Troubleshooting File Masking Performance Issues (KBA6796)
KBA
KBA# 6796At a Glance
Summary: | Below are Performance troubleshooting steps for File Masking. This covers both On-The-Fly (OTF) and In-Place (IP) and different types of connections - including FTP, SFTP, and File Mounts. |
---|---|
DIY Investigation: | These are troubleshooting steps that you can do:
|
Support Investigation: | If Delphix Support should investigate the performance, these are the steps:
|
Bottlenecks and actions: | These are possible bottlenecks and next actions: File Input:
Masking:
Sort (up to 6.0.3 only):
File Output:
|
Applicable Delphix Versions
- Click here to view the versions of the Delphix engine to which this article applies
-
Major Release All Sub Releases 6.0 6.0.0.0, 6.0.1.0, 6.0.1.1, 6.0.2.0, 6.0.2.1, 6.0.3.0, 6.0.3.1, 6.0.4.0, 6.0.4.1, 6.0.4.2, 6.0.5.0 5.3
5.3.0.0, 5.3.0.1, 5.3.0.2, 5.3.0.3, 5.3.1.0, 5.3.1.1, 5.3.1.2, 5.3.2.0, 5.3.3.0, 5.3.3.1, 5.3.4.0, 5.3.5.0 5.3.6.0, 5.3.7.0, 5.3.7.1, 5.3.8.0, 5.3.8.1, 5.3.9.0 5.2
5.2.2.0, 5.2.2.1, 5.2.3.0, 5.2.4.0, 5.2.5.0, 5.2.5.1, 5.2.6.0, 5.2.6.1
5.1
5.1.0.0, 5.1.1.0, 5.1.2.0, 5.1.3.0, 5.1.4.0, 5.1.5.0, 5.1.5.1, 5.1.6.0, 5.1.7.0, 5.1.8.0, 5.1.8.1, 5.1.9.0, 5.1.10.0
5.0
5.0.1.0, 5.0.1.1, 5.0.2.0, 5.0.2.1, 5.0.2.2, 5.0.2.3, 5.0.3.0, 5.0.3.1, 5.0.4.0, 5.0.4.1 ,5.0.5.0, 5.0.5.1, 5.0.5.2, 5.0.5.3, 5.0.5.4
4.3
4.3.1.0, 4.3.2.0, 4.3.2.1, 4.3.3.0, 4.3.4.0, 4.3.4.1, 4.3.5.0
4.2
4.2.0.0, 4.2.0.3, 4.2.1.0, 4.2.1.1, 4.2.2.0, 4.2.2.1, 4.2.3.0, 4.2.4.0 , 4.2.5.0, 4.2.5.1
4.1
4.1.0.0, 4.1.2.0, 4.1.3.0, 4.1.3.1, 4.1.3.2, 4.1.4.0, 4.1.5.0, 4.1.6.0
File Masking Performance
This Knowledge Article will look at how to troubleshoot File Masking Performance. Since On-The-Fly and In-Place File masking are exactly the same except the final Rename step in IP masking, this document covers both.
Connection methods covered are FTP, SFTP, and File Mounts.
The steps in this guide can be performed with available tools and will help to determine and answer the following questions:
- Is the bottleneck reading the data (File In)?
- Is the bottleneck the masking operation (algorithms and number of fields)?
- Is the bottleneck the output (File Out)?
File Masking Best Practice - OTF and IP
The File Masking process between On-The-Fly (OTF) and In-Place (IP) is only different in the last stage where IP has a Rename (Overwrite) step. All other stages are the same.
From a performance perspective, the Best Practice for File Masking is to use OTF Masking.
For FTP and SFTP, how the rename in IP Masking will be executed depends on the implementation of the (S)FTP Software. It can be that the file needs to be transferred over the network again in order to be renamed. This will add significantly to the execution duration.
Performance factors
The performance factors are:
- The Masked File:
- File Format - the number of masked fields and type of algorithms.
- File Size - the number of bytes per row.
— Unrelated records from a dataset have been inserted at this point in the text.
(* Let $n,r,k$ be positive integers with $n\ge 2(k+r)$, let $D$ be a minimum-cardinality $k$-dominating set of the Kneser graph $K(n,r)$, and let $\tilde u\subseteq [n]$ with $|\tilde u|=r-1$. Then there exists $x\in[n]\setminus\tilde u$ such that $\tilde u\cup\{x\}\notin D$.
   Context: For integers $n\ge 2r$, the Kneser graph $K(n,r)$ has as vertices the $r$-element subsets of $[n]=\{1,\dots,n\}$, two vertices being adjacent iff they are disjoint. For a graph $G$ and positive integer $k$, a set $D\subseteq V(G)$ is $k$-dominating if every vertex $u\in V(G)\setminus D$ has at least $k$ neighbors in $D$. *)

theory Defs
  imports Main
begin

definition kneser_vertices :: "nat \<Rightarrow> nat \<Rightarrow> nat set set" where
  "kneser_vertices n r = {A. A \<subseteq> {1..n} \<and> card A = r}"

definition kneser_adj :: "nat set \<Rightarrow> nat set \<Rightarrow> bool" where
  "kneser_adj A B \<longleftrightarrow> A \<inter> B = {}"

definition kneser_k_dominating :: "nat \<Rightarrow> nat \<Rightarrow> nat \<Rightarrow> nat set set \<Rightarrow> bool" where
  "kneser_k_dominating n r k D \<longleftrightarrow>
     D \<subseteq> kneser_vertices n r \<and>
     (\<forall>u \<in> kneser_vertices n r - D. card {v \<in> D. kneser_adj u v} \<ge> k)"

definition kneser_min_k_dominating :: "nat \<Rightarrow> nat \<Rightarrow> nat \<Rightarrow> nat set set \<Rightarrow> bool" where
  "kneser_min_k_dominating n r k D \<longleftrightarrow>
     kneser_k_dominating n r k D \<and>
     (\<forall>D'. kneser_k_dominating n r k D' \<longrightarrow> card D \<le> card D')"

end

theory Submission
  imports Defs
begin

text \<open>
  Suppose every vertex \<open>u \<union> {x}\<close> of the star of \<open>u\<close> lies in \<open>D\<close>. Fix a set \<open>Y\<close> of \<open>k + 1\<close>
  points outside \<open>u\<close>, an \<open>(r - 1)\<close>-set \<open>B\<close> avoiding \<open>u \<union> Y\<close> and \<open>k\<close> further points \<open>E\<close>.
  Replacing the \<open>k + 1\<close> vertices \<open>u \<union> {y}\<close>, \<open>y \<in> Y\<close>, by the \<open>k\<close> vertices \<open>B \<union> {c}\<close>,
  \<open>c \<in> E\<close>, keeps \<open>D\<close> \<open>k\<close>-dominating: each removed vertex is disjoint from all new ones; a
  vertex disjoint from \<open>u\<close> still sees at least \<open>n - 2r - k \<ge> k\<close> remaining star vertices; and
  a vertex meeting \<open>u\<close> was never adjacent to a removed vertex. This contradicts minimality.
\<close>

lemma finite_kneser_vertices: "finite (kneser_vertices n r)"
  by (rule finite_subset[of _ "Pow {1..n}"]) (auto simp: kneser_vertices_def)

lemma insert_in_kneser_vertices:
  assumes "B \<subseteq> {1..n}" "card B = r - 1" "0 < r" "c \<in> {1..n} - B"
  shows "insert c B \<in> kneser_vertices n r"
  using assms finite_subset[OF assms(1)] by (auto simp: kneser_vertices_def)

lemma inj_on_insert_outside: "inj_on (\<lambda>x. insert x u) (- u)"
  by (auto simp: inj_on_def)

lemma card_neighbours_in_star:
  assumes "finite C" "C \<inter> u = {}" "finite v" "v \<inter> u = {}" "k + card v \<le> card C"
  shows "k \<le> card {w \<in> (\<lambda>x. insert x u) ` C. kneser_adj v w}"
proof -
  have "k \<le> card C - card v"
    using assms(5) by simp
  also have "\<dots> \<le> card (C - v)"
    by (rule diff_card_le_card_Diff[OF \<open>finite v\<close>])
  also have "\<dots> = card ((\<lambda>x. insert x u) ` (C - v))"
    by (rule card_image[symmetric], rule inj_on_subset[OF inj_on_insert_outside]) (use assms(2) in auto)
  also have "\<dots> \<le> card {w \<in> (\<lambda>x. insert x u) ` C. kneser_adj v w}"
    by (rule card_mono) (use assms(1,4) in \<open>auto simp: kneser_adj_def\<close>)
  finally show ?thesis .
qed

lemma kneser_k_dominating_swap:
  assumes dom: "kneser_k_dominating n r k D" and "0 < r"
    and star: "\<forall>x \<in> {1..n} - u. insert x u \<in> D"
    and Y: "Y \<subseteq> {1..n} - u" and large: "k + r \<le> card ({1..n} - u - Y)"
    and B: "B \<subseteq> {1..n} - u - Y" "card B = r - 1"
    and E: "E \<subseteq> {1..n} - u - Y - B" "card E = k"
  shows "kneser_k_dominating n r k ((D - (\<lambda>y. insert y u) ` Y) \<union> (\<lambda>c. insert c B) ` E)"
    (is "kneser_k_dominating n r k ?D'")
  unfolding kneser_k_dominating_def
proof (intro conjI ballI)
  have "(\<lambda>c. insert c B) ` E \<subseteq> kneser_vertices n r"
    using B E \<open>0 < r\<close> by (auto intro!: insert_in_kneser_vertices)
  then show "?D' \<subseteq> kneser_vertices n r"
    using dom by (auto simp: kneser_k_dominating_def)
  have "finite ?D'"
    using dom finite_subset[OF _ finite_kneser_vertices] finite_subset[OF E(1)]
    by (auto simp: kneser_k_dominating_def)
  fix v
  assume v: "v \<in> kneser_vertices n r - ?D'"
  have finite_nbhd: "finite {w \<in> ?D'. kneser_adj v w}"
    using \<open>finite ?D'\<close> by (rule finite_subset[rotated]) blast
  consider (removed) y where "y \<in> Y" "v = insert y u"
    | (meets_u) "v \<notin> D" "v \<inter> u \<noteq> {}"
    | (avoids_u) "v \<notin> D" "v \<inter> u = {}"
    using v by auto
  then show "k \<le> card {w \<in> ?D'. kneser_adj v w}"
  proof cases
    case removed
    have "k = card ((\<lambda>c. insert c B) ` E)"
      using E by (subst card_image) (auto simp: inj_on_def)
    also have "\<dots> \<le> card {w \<in> ?D'. kneser_adj v w}"
      using removed Y B E by (intro card_mono[OF finite_nbhd]) (auto simp: kneser_adj_def)
    finally show ?thesis .
  next
    case meets_u
    have "k \<le> card {w \<in> D. kneser_adj v w}"
      using dom v meets_u unfolding kneser_k_dominating_def by blast
    also have "\<dots> \<le> card {w \<in> ?D'. kneser_adj v w}"
    proof (rule card_mono[OF finite_nbhd subsetI])
      fix w
      assume w: "w \<in> {w \<in> D. kneser_adj v w}"
      then have "\<not> u \<subseteq> w"
        using meets_u unfolding kneser_adj_def by blast
      then show "w \<in> {w \<in> ?D'. kneser_adj v w}"
        using w by auto
    qed
    finally show ?thesis .
  next
    case avoids_u
    let ?C = "{1..n} - u - Y"
    have "finite v" "card v = r"
      using v finite_subset[of v "{1..n}"] by (auto simp: kneser_vertices_def)
    then have "k \<le> card {w \<in> (\<lambda>x. insert x u) ` ?C. kneser_adj v w}"
      using avoids_u large by (intro card_neighbours_in_star) auto
    also have "\<dots> \<le> card {w \<in> ?D'. kneser_adj v w}"
    proof (rule card_mono[OF finite_nbhd subsetI])
      fix w
      assume "w \<in> {w \<in> (\<lambda>x. insert x u) ` ?C. kneser_adj v w}"
      then obtain x where x: "x \<in> ?C" "w = insert x u" "kneser_adj v w"
        by blast
      have "w \<notin> (\<lambda>y. insert y u) ` Y"
      proof
        assume "w \<in> (\<lambda>y. insert y u) ` Y"
        then obtain y where "y \<in> Y" "insert x u = insert y u"
          using x(2) by blast
        then show False
          using x(1) Y inj_onD[OF inj_on_insert_outside, of x u y] by auto
      qed
      then show "w \<in> {w \<in> ?D'. kneser_adj v w}"
        using star x by auto
    qed
    finally show ?thesis .
  qed
qed

lemma kneser_k_dominating_not_minimal_if_star_contained:
  assumes dom: "kneser_k_dominating n r k D" and "0 < r" and n: "2 * (k + r) \<le> n"
    and u: "u \<subseteq> {1..n}" "card u = r - 1"
    and star: "\<forall>x \<in> {1..n} - u. insert x u \<in> D"
  obtains D' where "kneser_k_dominating n r k D'" "card D' < card D"
proof -
  have "finite u"
    using u(1) finite_subset by blast
  have card_S: "card ({1..n} - u) = n - (r - 1)"
    using u \<open>finite u\<close> by (simp add: card_Diff_subset)
  have "k + 1 \<le> card ({1..n} - u)"
    unfolding card_S using n \<open>0 < r\<close> by simp
  then obtain Y where Y: "Y \<subseteq> {1..n} - u" "card Y = k + 1"
    by (meson obtain_subset_with_card_n)
  let ?C = "{1..n} - u - Y"
  have card_C: "card ?C = n - (r - 1) - (k + 1)"
    using Y card_S finite_subset[OF Y(1)] by (simp add: card_Diff_subset)
  have "r - 1 \<le> card ?C"
    unfolding card_C using n \<open>0 < r\<close> by simp
  then obtain B where B: "B \<subseteq> ?C" "card B = r - 1"
    by (meson obtain_subset_with_card_n)
  have card_C_B: "card (?C - B) = n - (r - 1) - (k + 1) - (r - 1)"
    using B card_C finite_subset[OF B(1)] by (simp add: card_Diff_subset)
  have "k \<le> card (?C - B)"
    unfolding card_C_B using n \<open>0 < r\<close> by simp
  then obtain E where E: "E \<subseteq> ?C - B" "card E = k"
    by (meson obtain_subset_with_card_n)
  let ?D' = "(D - (\<lambda>y. insert y u) ` Y) \<union> (\<lambda>c. insert c B) ` E"
  have "kneser_k_dominating n r k ?D'"
    using dom \<open>0 < r\<close> star Y(1) B E card_C n by (intro kneser_k_dominating_swap) auto
  moreover have "card ?D' < card D"
  proof -
    have "finite D"
      using dom finite_kneser_vertices finite_subset unfolding kneser_k_dominating_def by blast
    have "Y \<subseteq> - u"
      using Y(1) by blast
    then have removed: "(\<lambda>y. insert y u) ` Y \<subseteq> D" "card ((\<lambda>y. insert y u) ` Y) = k + 1"
      using star Y card_image[OF inj_on_subset[OF inj_on_insert_outside \<open>Y \<subseteq> - u\<close>]] by auto
    have "card ?D' \<le> card (D - (\<lambda>y. insert y u) ` Y) + card ((\<lambda>c. insert c B) ` E)"
      by (rule card_Un_le)
    also have "\<dots> \<le> (card D - (k + 1)) + k"
      using removed \<open>finite D\<close> E(2) card_image_le[OF finite_subset[OF E(1)]]
      by (simp add: card_Diff_subset finite_subset)
    also have "\<dots> < card D"
      using removed card_mono[OF \<open>finite D\<close> removed(1)] by simp
    finally show ?thesis .
  qed
  ultimately show ?thesis
    using that by blast
qed

theorem lemma2p2:
  fixes n r k :: nat and D :: "nat set set" and u :: "nat set"
  assumes "0 < n" "0 < r" "0 < k"
    and "n \<ge> 2 * (k + r)"
    and "kneser_min_k_dominating n r k D"
    and "u \<subseteq> {1..n}" "card u = r - 1"
  shows "\<exists>x \<in> {1..n} - u. insert x u \<notin> D"
proof (rule ccontr)
  assume "\<not> ?thesis"
  then have "\<forall>x \<in> {1..n} - u. insert x u \<in> D"
    by blast
  moreover have "kneser_k_dominating n r k D"
    using assms(5) by (simp add: kneser_min_k_dominating_def)
  ultimately obtain D' where "kneser_k_dominating n r k D'" "card D' < card D"
    using kneser_k_dominating_not_minimal_if_star_contained assms(2,4,6,7) by blast
  then show False
    using assms(5) by (auto simp: kneser_min_k_dominating_def not_le[symmetric])
qed

end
- Network - latency and throughput.
- Masking Engine - the CPU performance (GHz and number of CPUs).
Masking Performance at different stages
As with all masking jobs, the performance will differ at different stages. These stages can be identified and measured at the start of the masking job. Measuring these stages can help determine where the bottleneck is located.
A normal On-The-Fly masking job execution has the following characteristics:
- Initial File Input
- The first 10,000 to 20,000 records are normally read fast as rows are being read into buffers on the masking engine.
- Hence, this stage is usually visible at the start of the job and will show the Input performance before masking rows.
- Masking Operation
- The result of the masking operation can also be seen in the graph below.
- The masking performance usually drops when records are masked. How much depends on the masking performance factors (see above).
- File Masking performance is usually capped by the masking operation.
- File Output
- The File Output step is the last step that can dictate the performance.
- If this step is the slowest all buffers will be full and the job will be capped by the performance of this step.
File Input and Output Performance Graph
By temporarily setting the Feedback Size to 10,000 and the Row Limit to 50,000, the processing characteristics can be illustrated in a graph. This graph shows the performance as the buffers fill up and this will indicate the bottleneck. The graph shows the relative performance compared with the rpm of the overall masking job.
The graph and how to read it
- The relative performance is in relation to the performance masking the file in total (the rpm value in the UI).
- The key is to find where this value is around 1 as this indicates the bottleneck.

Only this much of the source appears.